Во-вторых, у самых бедных арендаторов найдется теперь хоть какая-нибудь ценная собственность, которую можно будет, согласно закону, описать и тем помочь уплатить ренту помещику, так как хлеб и скот у них уже отняты, а деньги вещь в наших краях совершенно неизвестная.

В-третьих, так как содержание ста тысяч детей от двух лет и старше не может быть оценено менее, чем в десять шиллингов ежегодно за душу, то национальный доход тем самым увеличится на пятьдесят тысяч фунтов в год, не говоря уже о стоимости нового блюда, которое появится на столах наших богатых джентльменов с утонченным гастрономическим вкусом. А деньги будут обращаться только среди нас, так как товар полностью выращивается и производится в нашей стране.

В-четвертых, постоянные производители детей, помимо ежегодного заработка в восемь шиллингов за проданного ребенка, по прошествии первого года будут избавлены от забот по его содержанию.

В-пятых, это новое кушанье привлечет много посетителей в таверны, владельцы которых, конечно, постараются достать наилучшие рецепты для приготовления этого блюда самым тонким образом, и в результате их заведения будут посещаться всеми богатыми джентльменами, которые справедливо гордятся своим знанием хорошей кухни, а искусный повар, знающий как угодить гостям, ухитрится сделать это кушанье таким дорогим, что оно им непременно понравится.
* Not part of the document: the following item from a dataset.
(* Let $n\in\{2,3\}$. (i) Let $u:[2,\infty)\times\mathbb{R}^n\to\mathbb{R}$ and $\phi,\tilde\phi:[2,\infty)\times\mathbb{R}^n\to\mathbb{C}^{N_0}$ be sufficiently smooth. Then for every multi-index $I\in\mathbb{N}^{n_0}$, $$\widehat{\Gamma}^I(u\phi)=\sum_{I_1+I_2=I}\binom{I}{I_1}(\Gamma^{I_1}u)(\widehat{\Gamma}^{I_2}\phi),\qquad \Gamma^I(\phi^*\gamma^0\tilde{\phi})=\sum_{I_1+I_2=I}\binom{I}{I_1}(\widehat{\Gamma}^{I_1}\phi)^*\gamma^0(\widehat{\Gamma}^{I_2}\tilde{\phi}),$$ and, with constants depending only on $n$, $$|\phi^{*}\gamma^0\tilde{\phi}|\lesssim|[\phi]_{-}|\,|\tilde{\phi}|+|\phi|\,|[\tilde{\phi}]_{-}|\quad\text{everywhere (with } r\neq0),$$ $$|\phi^{*}\gamma^0\tilde{\phi}|\lesssim|(\phi)_{-}|\,|\tilde{\phi}|+|\phi|\,|(\tilde{\phi})_{-}|+\frac{|t^2-r^2|}{t^2}|\phi|\,|\tilde{\phi}|\quad\text{in }\{r<t\}.$$ (ii) For any sufficiently smooth $\phi:[2,\infty)\times\mathbb{R}^n\to\mathbb{C}^{N_0}$, setting $\tilde\phi:=i\gamma^\mu\partial_\mu\phi$, one has $|[\tilde{\phi}]_{-}|\lesssim|G\phi|$.
   Context: $N_0=2$ ($n=2$), $N_0=4$ ($n=3$); $g=\mathrm{diag}(-1,1,\dots,1)$; Dirac matrices $\gamma^\mu$ ($N_0\times N_0$) satisfy $\gamma^\mu\gamma^\nu+\gamma^\nu\gamma^\mu=-2g^{\mu\nu}I$, $(\gamma^\mu)^*=-g_{\mu\nu}\gamma^\nu$; summation convention. $r=|x|$. $\partial_\alpha$, $L_a=x_a\partial_t+t\partial_a$, $\Omega_{ab}=x_a\partial_b-x_b\partial_a$; modified fields $\widehat L_a=L_a-\frac12\gamma^0\gamma^a$, $\widehat\Omega_{ab}=\Omega_{ab}-\frac12\gamma^a\gamma^b$. $n_0=(n^2+3n+2)/2$; ordered sets $\{\Gamma_k\}=\{(\partial_\alpha)_{0\le\alpha\le n},(L_a),(\Omega_{ab})_{a<b}\}$ and $\{\widehat\Gamma_k\}=\{(\partial_\alpha),(\widehat L_a),(\widehat\Omega_{ab})_{a<b}\}$; for $I=(i_1,\dots,i_{n_0})$, $\Gamma^I=\prod_k\Gamma_k^{i_k}$, $\widehat\Gamma^I=\prod_k\widehat\Gamma_k^{i_k}$ (fixed order), $\binom{I}{I_1}=\prod_k\binom{i_k}{j_k}$ for $I_1=(j_k)$, and the sums run over pairs of multi-indices with $I_1+I_2=I$ componentwise. $[\phi]_-=\phi-\frac{x_a}{r}\gamma^0\gamma^a\phi$, $(\phi)_-=\phi-\frac{x_a}{t}\gamma^0\gamma^a\phi$, $G_a=\partial_a+\frac{x_a}{r}\partial_t$, $|G\phi|=(\sum_a|G_a\phi|^2)^{1/2}$. *)

theory Defs
  imports "HOL-Analysis.Analysis"
begin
В-шестых, это в значительной степени увеличило бы число браков, к заключению которых все разумные государства или поощряют путем денежных наград или понуждают насильственно, с помощью законов и карательных мер. Забота и нежность матерей к своим детям значительно возрастут, когда они будут уверены, что общество тем или иным путем обеспечит судьбу бедных младенцев, одновременно давая и самим матерям ежегодную прибыль. Мы были бы свидетелями честного соревнования между замужними женщинами: кто из них доставит на рынок самого жирного ребенка. Мужья стали бы проявлять такую же заботливость к своим женам во время их беременности, как сейчас к своим кобылам, готовым ожеребиться, коровам, готовым отелиться, и свиньям, готовым опороситься; и из боязни выкидыша они не станут колотить своих жен кулаками или пинать ногами (как это часто бывает).
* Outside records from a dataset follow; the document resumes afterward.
lemma Jm_eq_Jm_pw: "finsupp v \<Longrightarrow> Jm g j v = Jm_pw g j v"
proof (rule ext)
  fix x assume "finsupp v"
  have "Jm g j v x = (\<Sum>b | v b \<noteq> 0. v b * Gm g (fst b) * ket (fst b - 1, snd b) x)
     + (\<Sum>b | v b \<noteq> 0. v b * Gm j (snd b) * ket (fst b, snd b - 1) x)"
    unfolding Jm_def lin_ext_def Jmb_def by (simp add: sum.distrib algebra_simps)
  also have "\<dots> = v (fst x + 1, snd x) * Gm g (fst x + 1) + v (fst x, snd x + 1) * Gm j (snd x + 1)"
    using \<open>finsupp v\<close>
    by (subst (1 2) sum_mult_ket[where c = "(fst x + 1, snd x)"] sum_mult_ket[where c = "(fst x, snd x + 1)"])
      (auto simp: finsupp_def)
  finally show "Jm g j v x = Jm_pw g j v x" by (simp add: Jm_pw_def Gm_eq_Gp mult_ac)
qed

lemma Cas_eq_Cas_pw: "finsupp v \<Longrightarrow> Cas g j v = Cas_pw g j v"
  by (simp add: Cas_def Cas_pw_def J0_eq_J0_pw Jm_eq_Jm_pw Jp_eq_Jp_pw finsupp_J0_pw finsupp_Jm_pw)

definition fun_linear :: "(('a \<Rightarrow> 'b::field) \<Rightarrow> 'a \<Rightarrow> 'b) \<Rightarrow> bool" where
  "fun_linear T \<longleftrightarrow> (\<forall>a b f h. T (\<lambda>x. a * f x + b * h x) = (\<lambda>x. a * T f x + b * T h x))"

definition eig_shift :: "(('a \<Rightarrow> 'b::field) \<Rightarrow> 'a \<Rightarrow> 'b) \<Rightarrow> 'b \<Rightarrow> ('a \<Rightarrow> 'b) \<Rightarrow> 'a \<Rightarrow> 'b" where
  "eig_shift T c f = (\<lambda>x. T f x - c * f x)"

lemma fun_linearD: "fun_linear T \<Longrightarrow> T (\<lambda>x. a * f x + b * h x) = (\<lambda>x. a * T f x + b * T h x)"
  unfolding fun_linear_def by blast

lemma fun_linear_zero: "fun_linear T \<Longrightarrow> T (\<lambda>x. 0) = (\<lambda>x. 0)"
  using fun_linearD[of T 0 "\<lambda>x. 0" 0 "\<lambda>x. 0"] by simp

lemma fun_linear_sum:
  assumes "fun_linear T" "finite E"
  shows "T (\<lambda>x. \<Sum>u\<in>E. a u * u x) = (\<lambda>x. \<Sum>u\<in>E. a u * T u x)"
  using assms(2)
proof (induction E rule: finite_induct)
  case empty
  then show ?case using fun_linear_zero[OF assms(1)] by simp
next
  case (insert e E)
  then show ?case using fun_linearD[OF assms(1), of "a e" e 1] by simp
qed

lemma fun_linear_eig_shift: "fun_linear T \<Longrightarrow> fun_linear (eig_shift T c)"
  unfolding fun_linear_def eig_shift_def by (simp add: fun_eq_iff algebra_simps)

lemma eig_shift_commute:
  assumes "fun_linear T"
  shows "eig_shift T c (eig_shift T k v) = eig_shift T k (eig_shift T c v)"
proof -
  have "T (eig_shift T k v) = (\<lambda>x. T (T v) x - k * T v x)" for k
    using fun_linearD[OF assms, of 1 "T v" "- k" v] by (simp add: eig_shift_def)
  then show ?thesis by (simp add: eig_shift_def fun_eq_iff algebra_simps)
qed

text \<open>Induction on the eigenvectors: an eigenvector of eigenvalue c drops out of (T - c) x; for one
  of eigenvalue k \<noteq> c, the induction hypothesis applied to (T - k) x shows that (T - c) x is killed
  by T - k as well as by T - c, hence vanishes.\<close>
lemma eig_shift_square_zero_on_eigenspan:
  assumes lin: "fun_linear T" and "finite E" and ev: "\<And>e. e \<in> E \<Longrightarrow> T e = (\<lambda>x. ev e * e x)"
    and "eig_shift T c (eig_shift T c (\<lambda>x. \<Sum>u\<in>E. a u * u x)) = (\<lambda>x. 0)"
  shows "eig_shift T c (\<lambda>x. \<Sum>u\<in>E. a u * u x) = (\<lambda>x. 0)"
  using assms(2-4)
proof (induction E arbitrary: a rule: finite_induct)
  case empty
  then show ?case using fun_linear_zero[OF fun_linear_eig_shift[OF lin]] by simp
next
  case (insert e E)
  let ?comb = "\<lambda>E a x. \<Sum>u\<in>E. a u * u x"
  have IH: "eig_shift T c (eig_shift T c (?comb E a')) = (\<lambda>x. 0) \<Longrightarrow> eig_shift T c (?comb E a') = (\<lambda>x. 0)" for a'
    using insert.IH[of a'] insert.prems(1) by simp
  have comb_insert: "?comb (insert e E) a = (\<lambda>x. a e * e x + 1 * ?comb E a x)"
    using insert.hyps by simp
  have shift_e: "eig_shift T k e = (\<lambda>x. (ev e - k) * e x)" for k
    using insert.prems(1) by (simp add: eig_shift_def fun_eq_iff algebra_simps)
  have shift_insert: "eig_shift T k (?comb (insert e E) a) = (\<lambda>x. (ev e - k) * a e * e x + eig_shift T k (?comb E a) x)" for k
    unfolding comb_insert fun_linearD[OF fun_linear_eig_shift[OF lin]] shift_e by (simp add: mult_ac)
  show ?case
  proof (cases "ev e = c")
    case True
    then have "eig_shift T c (?comb (insert e E) a) = eig_shift T c (?comb E a)"
      unfolding shift_insert by simp
    with insert.prems(2) IH show ?thesis by simp
  next
    case False
    let ?k = "ev e"
    define a' where "a' u = a u * (ev u - ?k)" for u
    have shift_k: "eig_shift T ?k (?comb (insert e E) a) = ?comb E a'"
      unfolding shift_insert fun_linear_sum[OF fun_linear_eig_shift[OF lin] insert.hyps(1)]
      using insert.prems(1) by (simp add: a'_def eig_shift_def algebra_simps)
    have "eig_shift T c (eig_shift T c (?comb E a')) = (\<lambda>x. 0)"
      unfolding shift_k[symmetric] eig_shift_commute[OF lin, of c ?k] insert.prems(2)
      by (simp add: eig_shift_def fun_linear_zero[OF lin])
    then have "eig_shift T c (?comb E a') = (\<lambda>x. 0)" by (rule IH)
    define w where "w = eig_shift T c (?comb (insert e E) a)"
    have "eig_shift T ?k w = (\<lambda>x. 0)"
      unfolding w_def eig_shift_commute[OF lin, of ?k c] shift_k by fact
    moreover have "eig_shift T c w = (\<lambda>x. 0)" unfolding w_def by (fact insert.prems(2))
    moreover have "(c - ?k) * w x = eig_shift T ?k w x - eig_shift T c w x" for x
      by (simp add: eig_shift_def algebra_simps)
    ultimately have "(c - ?k) * w x = 0" for x by simp
    with False show ?thesis unfolding w_def by (simp add: fun_eq_iff)
  qed
qed

lemma not_diagonalisable_on_if_Jordan_vector:
  assumes lin: "fun_linear T'" and agree: "\<And>w. w \<in> W \<Longrightarrow> T w = T' w" and "v \<in> W"
    and "eig_shift T' c v \<noteq> (\<lambda>x. 0)" and "eig_shift T' c (eig_shift T' c v) = (\<lambda>x. 0)"
  shows "\<not> diagonalisable_on W T"
proof
  assume "diagonalisable_on W T"
  then obtain E a where E: "finite E" "E \<subseteq> eigvecs T W" "v = (\<lambda>x. \<Sum>u\<in>E. a u * u x)"
    using \<open>v \<in> W\<close> unfolding diagonalisable_on_def fspan_def by blast
  have "\<forall>e\<in>E. \<exists>k. T' e = (\<lambda>x. k * e x)"
    using E(2) agree unfolding eigvecs_def by fastforce
  then obtain ev where ev: "\<And>e. e \<in> E \<Longrightarrow> T' e = (\<lambda>x. ev e * e x)" by metis
  have "eig_shift T' c v = (\<lambda>x. 0)"
    unfolding E(3) by (rule eig_shift_square_zero_on_eigenspan[OF lin E(1) ev]) (use assms(5) E(3) in simp_all)
  with assms(4) show False ..
qed

lemma fun_linear_Jp_pw: "fun_linear (Jp_pw g j)"
  unfolding fun_linear_def Jp_pw_def by (simp add: fun_eq_iff algebra_simps)

lemma fun_linear_Cas_pw: "fun_linear (Cas_pw g j)"
  unfolding fun_linear_def Cas_pw_def J0_pw_def Jp_pw_def Jm_pw_def by (simp add: fun_eq_iff algebra_simps)

lemma not_diagonalisable_Cas_if_Jordan_vector:
  assumes "\<And>w. w \<in> W \<Longrightarrow> finsupp w" "v \<in> W" "eig_shift (Cas_pw g j) c v \<noteq> (\<lambda>x. 0)"
    and "eig_shift (Cas_pw g j) c (eig_shift (Cas_pw g j) c v) = (\<lambda>x. 0)"
  shows "\<not> diagonalisable_on W (Cas g j)"
  using assms by (intro not_diagonalisable_on_if_Jordan_vector[OF fun_linear_Cas_pw])
    (auto simp: Cas_eq_Cas_pw)

lemma Jp_pw_power_zero: "(Jp_pw g j ^^ m) (\<lambda>x. 0) = (\<lambda>x. 0)"
  by (induction m) (simp_all add: fun_linear_zero[OF fun_linear_Jp_pw])

lemma eig_shift_Cas_pw_Jp_pw_power:
  "eig_shift (Cas_pw g j) c ((Jp_pw g j ^^ m) v) = (Jp_pw g j ^^ m) (eig_shift (Cas_pw g j) c v)"
proof (induction m)
  case (Suc m)
  have "eig_shift (Cas_pw g j) c (Jp_pw g j u) = Jp_pw g j (eig_shift (Cas_pw g j) c u)" for u
    using fun_linearD[OF fun_linear_Jp_pw, where a = 1 and f = "Cas_pw g j u" and b = "- c" and h = u]
    by (simp add: eig_shift_def Cas_pw_Jp_pw)
  with Suc show ?case by simp
qed simp

definition of_weight :: "real \<Rightarrow> vec \<Rightarrow> bool" where
  "of_weight w v \<longleftrightarrow> (\<forall>x. v x \<noteq> 0 \<longrightarrow> fst x + snd x = w)"

lemma J0_pw_of_weight: "of_weight w v \<Longrightarrow> J0_pw v = (\<lambda>x. complex_of_real w * v x)"
  unfolding of_weight_def J0_pw_def by (metis mult_zero_right)

lemma Cas_pw_of_weight:
  assumes "of_weight w v"
  shows "Cas_pw g j v = (\<lambda>x. - complex_of_real (w\<^sup>2 - w) * v x + Jp_pw g j (Jm_pw g j v) x)"
proof -
  have J0: "of_weight w (J0_pw v)"
    using assms by (simp add: of_weight_def J0_pw_def)
  have "J0_pw (J0_pw v) = (\<lambda>x. complex_of_real w * J0_pw v x)" by (rule J0_pw_of_weight[OF J0])
  also have "\<dots> = (\<lambda>x. complex_of_real w * (complex_of_real w * v x))"
    by (simp add: J0_pw_of_weight[OF assms])
  finally show ?thesis
    unfolding Cas_pw_def J0_pw_of_weight[OF assms]
    by (simp add: algebra_simps power2_eq_square)
qed

lemma of_weight_Jp_pw:
  assumes "of_weight w v"
  shows "of_weight (w + 1) (Jp_pw g j v)"
proof (unfold of_weight_def, intro allI impI)
  fix x assume "Jp_pw g j v x \<noteq> 0"
  then have "v (fst x - 1, snd x) \<noteq> 0 \<or> v (fst x, snd x - 1) \<noteq> 0" by (auto simp: Jp_pw_def)
  with assms show "fst x + snd x = w + 1" unfolding of_weight_def by force
qed

lemma of_weight_Jp_pw_power: "of_weight w v \<Longrightarrow> of_weight (w + real m) ((Jp_pw g j ^^ m) v)"
proof (induction m)
  case (Suc m)
  then show ?case using of_weight_Jp_pw[of "w + real m"] by (simp add: add_ac)
qed simp

lemma TS_finsupp: "v \<in> TS g j \<Longrightarrow> finsupp v"
  by (simp add: TS_def finsupp_def)

lemma finsupp_ket: "finsupp (ket b)"
  unfolding finsupp_def ket_def by (rule finite_subset[of _ "{b}"]) auto

lemma fspan_finsupp:
  assumes "\<And>u. u \<in> B \<Longrightarrow> finsupp u" "v \<in> fspan B"
  shows "finsupp v"
proof -
  obtain F c where F: "finite F" "F \<subseteq> B" "v = (\<lambda>x. \<Sum>u\<in>F. c u * u x)"
    using assms(2) unfolding fspan_def by blast
  have "{x. v x \<noteq> 0} \<subseteq> (\<Union>u\<in>F. {x. u x \<noteq> 0})"
  proof
    fix x assume "x \<in> {x. v x \<noteq> 0}"
    then obtain u where "u \<in> F" "c u * u x \<noteq> 0"
      unfolding F(3) by (auto elim: sum.not_neutral_contains_not_neutral)
    then show "x \<in> (\<Union>u\<in>F. {x. u x \<noteq> 0})" by auto
  qed
  moreover have "finite (\<Union>u\<in>F. {x. u x \<noteq> 0})"
    using F(1,2) assms(1) unfolding finsupp_def by blast
  ultimately show ?thesis unfolding finsupp_def by (rule finite_subset)
qed

lemma Vsub_finsupp: "v \<in> Vsub g j \<Longrightarrow> finsupp v"
  unfolding Vsub_def by (erule fspan_finsupp[rotated]) (auto simp: finsupp_ket)

lemma lincomb_in_fspan:
  assumes "finite S" "inj_on f S" "f ` S \<subseteq> B"
  shows "(\<lambda>x. \<Sum>s\<in>S. c s * f s x) \<in> fspan B"
proof -
  have "(\<lambda>x. \<Sum>s\<in>S. c s * f s x) = (\<lambda>x. \<Sum>u\<in>f ` S. c (inv_into S f u) * u x)"
    using assms(2) by (simp add: sum.reindex)
  moreover have "finite (f ` S)" using assms(1) by simp
  ultimately show ?thesis unfolding fspan_def using assms(3) by auto
qed

lemma finsupp_ket_expansion:
  assumes "finsupp v"
  shows "v = (\<lambda>x. \<Sum>b | v b \<noteq> 0. v b * ket b x)"
proof
  fix x
  have "(\<Sum>b | v b \<noteq> 0. v b * ket b x) = (\<Sum>b | v b \<noteq> 0. if b = x then v b else 0)"
    by (rule sum.cong) (auto simp: ket_def)
  also have "\<dots> = v x" using assms by (simp add: finsupp_def sum.delta')
  finally show "v x = (\<Sum>b | v b \<noteq> 0. v b * ket b x)" ..
qed

lemma TS_of_weight_in_Vsub:
  assumes "v \<in> TS g j" "of_weight (j + 1 + g) v"
  shows "v \<in> Vsub g j"
proof -
  let ?S = "{b. v b \<noteq> 0}"
  have "inj ket" by (rule injI) (metis ket_def zero_neq_one)
  moreover have "ket ` ?S \<subseteq> {ket (\<mu>, j + 1 + g - \<mu>) | \<mu>. \<mu> \<in> Fw g}"
  proof clarify
    fix b assume "v b \<noteq> 0"
    then have "fst b \<in> Fw g" "fst b + snd b = j + 1 + g"
      using assms unfolding TS_def of_weight_def by auto
    then have "fst b \<in> Fw g" "b = (fst b, j + 1 + g - fst b)" by (auto simp: prod_eq_iff)
    then show "\<exists>\<mu>. ket b = ket (\<mu>, j + 1 + g - \<mu>) \<and> \<mu> \<in> Fw g" by metis
  qed
  moreover have "finite ?S" using assms(1) by (simp add: TS_def)
  ultimately have "(\<lambda>x. \<Sum>b\<in>?S. v b * ket b x) \<in> Vsub g j"
    unfolding Vsub_def by (intro lincomb_in_fspan) (auto intro: inj_on_subset)
  then show ?thesis using finsupp_ket_expansion[OF TS_finsupp[OF assms(1)]] by simp
qed

locale admissible_spins =
  fixes N :: nat and K :: int
  assumes K_ge: "K \<ge> -1" and K_le: "K \<le> int N - 2"
begin

abbreviation "\<gamma> \<equiv> real N / 2"
abbreviation "j \<equiv> real_of_int K / 2"

lemma Gp_j_nonzero: "q > j \<Longrightarrow> Gp j q \<noteq> 0"
  using K_ge by (simp add: Gp_eq_0_iff)

lemma Jp_pw_TS:
  assumes v: "v \<in> TS \<gamma> j"
  shows "Jp_pw \<gamma> j v \<in> TS \<gamma> j"
proof -
  have "x \<in> Fw \<gamma> \<times> Dw j" if "Jp_pw \<gamma> j v x \<noteq> 0" for x
  proof -
    from that have "Gp \<gamma> (fst x - 1) * v (fst x - 1, snd x) \<noteq> 0 \<or> Gp j (snd x - 1) * v (fst x, snd x - 1) \<noteq> 0"
      by (auto simp: Jp_pw_def)
    then show ?thesis
    proof
      assume h: "Gp \<gamma> (fst x - 1) * v (fst x - 1, snd x) \<noteq> 0"
      then obtain k where k: "fst x - 1 = - \<gamma> + real k" "real k \<le> real N" "snd x \<in> Dw j"
        using v by (auto simp: TS_def Fw_def)
      with h have "real (k + 1) \<le> 2 * \<gamma>" by (auto simp: Gp_eq_0_iff)
      moreover have "fst x = - \<gamma> + real (k + 1)" using k by simp
      ultimately have "fst x \<in> Fw \<gamma>" unfolding Fw_def by blast
      with k(3) show ?thesis by (simp add: mem_Times_iff)
    next
      assume "Gp j (snd x - 1) * v (fst x, snd x - 1) \<noteq> 0"
      then obtain l where l: "snd x - 1 = j + 1 + real l" "fst x \<in> Fw \<gamma>"
        using v by (auto simp: TS_def Dw_def)
      then have "snd x = j + 1 + real (l + 1)" by simp
      then have "snd x \<in> Dw j" unfolding Dw_def by blast
      with l(2) show ?thesis by (simp add: mem_Times_iff)
    qed
  qed
  then show ?thesis using finsupp_Jp_pw[OF TS_finsupp[OF v]] by (auto simp: TS_def finsupp_def)
qed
Можно было бы перечислить еще ряд выгод. Например, увеличение экспорта говядины на несколько тысяч туш, прирост свиного поголовья и усовершенствование в искусстве приготовления хорошей свиной грудинки, которой нам так не хватает из-за массового истребления поросят, слишком часто красующихся на наших столах, но ни в коем случае не идущих в сравнение ни по вкусу, ни по нарядному виду со здоровым, толстым годовалым младенцем, который, изжаренный целиком, будет замечательным блюдом на банкете лорда-мэра или на любом ином общественном празднестве. Но, стремясь быть кратким, я опускаю это и многое другое.

Предположив, что тысяча семейств в этом городе явятся постоянными потребителями детского мяса, не считая другие семейства, которые смогут приобретать его лишь для особо торжественных случаев, в частности, для свадеб и крестин, я рассчитал, что Дублин будет потреблять ежегодно около двадцати тысяч детских туш, а остальная часть королевства (где они, вероятно, будут продаваться несколько дешевле) восемьдесят тысяч.

Я не предвижу никаких возражений, которые, возможно, будут выдвинуты против моего предложения, разве только станут утверждать, что тем самым значительно уменьшится население нашего королевства. Я откровенно признаю это, и действительно, именно это обстоятельство и было одной из основных целей моего предложения.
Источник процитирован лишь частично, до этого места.